By 7 p.m., the Swedes decided to land on the island. The crews on the armed boats were reinforced from the main fleet, and all twelve began rowing toward the shore. The boats were commanded by Richard Clerck. Wishing to attack and overwhelm the landing Swedes, the Danes abandoned their fortifications and rushed toward the beach. As the boats had not fired on the Danes, and there was an approaching dusk, the Danes probably did not notice the guns onboard them.

Upon reaching the beach in large numbers, the Danes were dispersed as the armed boats fired on them. Having landed, a brief skirmish broke out between the Swedes and Danes. However, the Danes soon retreated toward either the fortifications or inland. Many of the fleeing Danes were killed, with the peasants suffering especially heavy losses. Nearby fortifications were soon captured by the Swedes, along with several guns and two banners.

Organized resistance against the Swedes was carried out by the local militia, led by David Uckermann and Jürgen Bünger, at the start of the invasion. However, they were quickly defeated, suffering 73 or 75 killed, including Uckermann.

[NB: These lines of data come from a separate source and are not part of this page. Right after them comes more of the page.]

lemma map_poly_trace_poly: "map_poly \<phi> (trace_poly m G) = trace_poly m (map_poly \<phi> G)"
  unfolding trace_poly_def by (induction m) (simp_all add: map_poly_hom_add map_poly_hom_power)

lemma map_poly_map_poly_F2:
  "map_poly (map_poly \<phi>) (F2 h s \<beta> \<epsilon>) = F2 h s (\<phi> \<beta>) (\<phi> \<epsilon>)"
  by (simp add: F2_def Let_def map_poly_pCons hom_zero hom_one map_poly_hom_add
      map_poly_hom_power map_poly_trace_poly)

end

lemma field_hom_eq_iff:
  fixes \<phi> :: "'a::field \<Rightarrow> 'b::field"
  assumes hom_add: "\<And>a b. \<phi> (a + b) = \<phi> a + \<phi> b"
    and hom_mult: "\<And>a b. \<phi> (a * b) = \<phi> a * \<phi> b"
    and hom_one: "\<phi> 1 = 1"
  shows "\<phi> x = \<phi> y \<longleftrightarrow> x = y"
proof
  assume "\<phi> x = \<phi> y"
  then have "\<phi> (x - y) = 0"
    using hom_add[of "x - y" y] by simp
  show "x = y"
  proof (rule ccontr)
    assume "x \<noteq> y"
    then have "\<phi> ((x - y) * inverse (x - y)) = 1"
      using hom_one by simp
    with \<open>\<phi> (x - y) = 0\<close> show False
      by (simp add: hom_mult)
  qed
qed simp

theorem lemma3p11:
  fixes h n s :: nat
    and \<beta> \<epsilon> :: "'f::{field,finite}"
    and \<phi> :: "'f \<Rightarrow> 'k::alg_closed_field"
  assumes "h > 0" and "n > 0" and "s > 0"
    and "card (UNIV :: 'f set) = (2 ^ h) ^ n"
    and "\<beta> \<noteq> 0" and "\<beta> \<noteq> 1"
    and "abs_trace (h * n) \<epsilon> = 1"
    and "\<And>a b. \<phi> (a + b) = \<phi> a + \<phi> b"
    and "\<And>a b. \<phi> (a * b) = \<phi> a * \<phi> b"
    and "\<phi> 1 = 1"
  shows "irreducible (map_poly (map_poly \<phi>) (F2 h s \<beta> \<epsilon>))"
proof -
  note hom = assms(8-10)
  have "(2::'f) ^ (h * n) = 0"
    using of_nat_card_UNIV_eq_0[where 'a='f] assms(4) by (simp add: power_mult)
  then have "(2::'f) = 0"
    by simp
  moreover have "\<phi> 2 = 2"
    using hom(1)[of 1 1] hom(3) by simp
  ultimately have "(2::'k) = 0"
    using hom_zero[OF hom] by simp
  moreover have "\<phi> \<beta> \<noteq> 0" and "\<phi> \<beta> \<noteq> 1"
    using assms(5,6) field_hom_eq_iff[OF hom] hom_zero[OF hom] hom(3) by metis+
  ultimately show ?thesis
    by (simp add: map_poly_map_poly_F2[OF hom] irreducible_F2_char2)
qed
lemma in_set_refine_iff:
  "z \<in> set (refine ps) \<longleftrightarrow>
     (\<exists>i < length ps. z = ps ! i + ps ! i) \<or> (\<exists>i. Suc i < length ps \<and> z = ps ! i + ps ! Suc i)"
proof (induction ps rule: refine.induct)
  case (3 p q r)
  have "(\<exists>i < length (p # q # r). z = (p # q # r) ! i + (p # q # r) ! i) \<longleftrightarrow>
        z = p + p \<or> (\<exists>i < length (q # r). z = (q # r) ! i + (q # r) ! i)"
    by (simp only: length_Cons Ex_less_Suc2 nth_Cons_0 nth_Cons_Suc)
  moreover have "(\<exists>i. Suc i < length (p # q # r) \<and> z = (p # q # r) ! i + (p # q # r) ! Suc i) \<longleftrightarrow>
        z = p + q \<or> (\<exists>i. Suc i < length (q # r) \<and> z = (q # r) ! i + (q # r) ! Suc i)"
  proof
    assume "\<exists>i. Suc i < length (p # q # r) \<and> z = (p # q # r) ! i + (p # q # r) ! Suc i"
    then obtain i where "Suc i < length (p # q # r)" "z = (p # q # r) ! i + (p # q # r) ! Suc i"
      by blast
    then show "z = p + q \<or> (\<exists>i. Suc i < length (q # r) \<and> z = (q # r) ! i + (q # r) ! Suc i)"
      by (cases i) auto
  next
    assume "z = p + q \<or> (\<exists>i. Suc i < length (q # r) \<and> z = (q # r) ! i + (q # r) ! Suc i)"
    then show "\<exists>i. Suc i < length (p # q # r) \<and> z = (p # q # r) ! i + (p # q # r) ! Suc i"
      by (metis Suc_less_eq length_Cons nth_Cons_0 nth_Cons_Suc zero_less_Suc)
  qed
  ultimately show ?case
    using "3.IH" by (simp only: refine.simps list.set insert_iff) blast
qed simp_all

Once ashore with the cavalry the following day, Kaspar Mortaigne pursued the Danes, capturing the fortifications further inland along with the entire island.

== Aftermath ==
Following the collapse of any remaining resistance, the Swedes began pillaging the countryside. According to Conrad Schmalfeldt, to end the pillaging, 20,000 thalers and 1,000 barrels of wheat were paid as tribute to the Swedes by the bailiffs in Gottorp and the local clergy. However, an anonymous source instead attested that it actually amounted to 52,000 thalers and 155 lasts of corn (3,720 barrels).

=== Losses ===
Exact Danish casualties during the invasion are disputed. According to a contemporary letter from Hans Andersson Appelboom to Hugo Grotius from 18 July 1644, the Danes suffered 200 killed and 400 captured. However, another contemporary letter from 6 July, sent by Conrad Schmalfeldt, claimed that more than 400 were captured and that more than 100 were killed. According to Swedish historian Arnold Munthe, 200 German mercenary troops were also compelled to enter Swedish service. By comparison, Swedish casualties were insignificant, consisting of some wounded, including Lieutenant Colonel Willem Philip. Additionally, four men from Torstensson's Life Regiment were killed.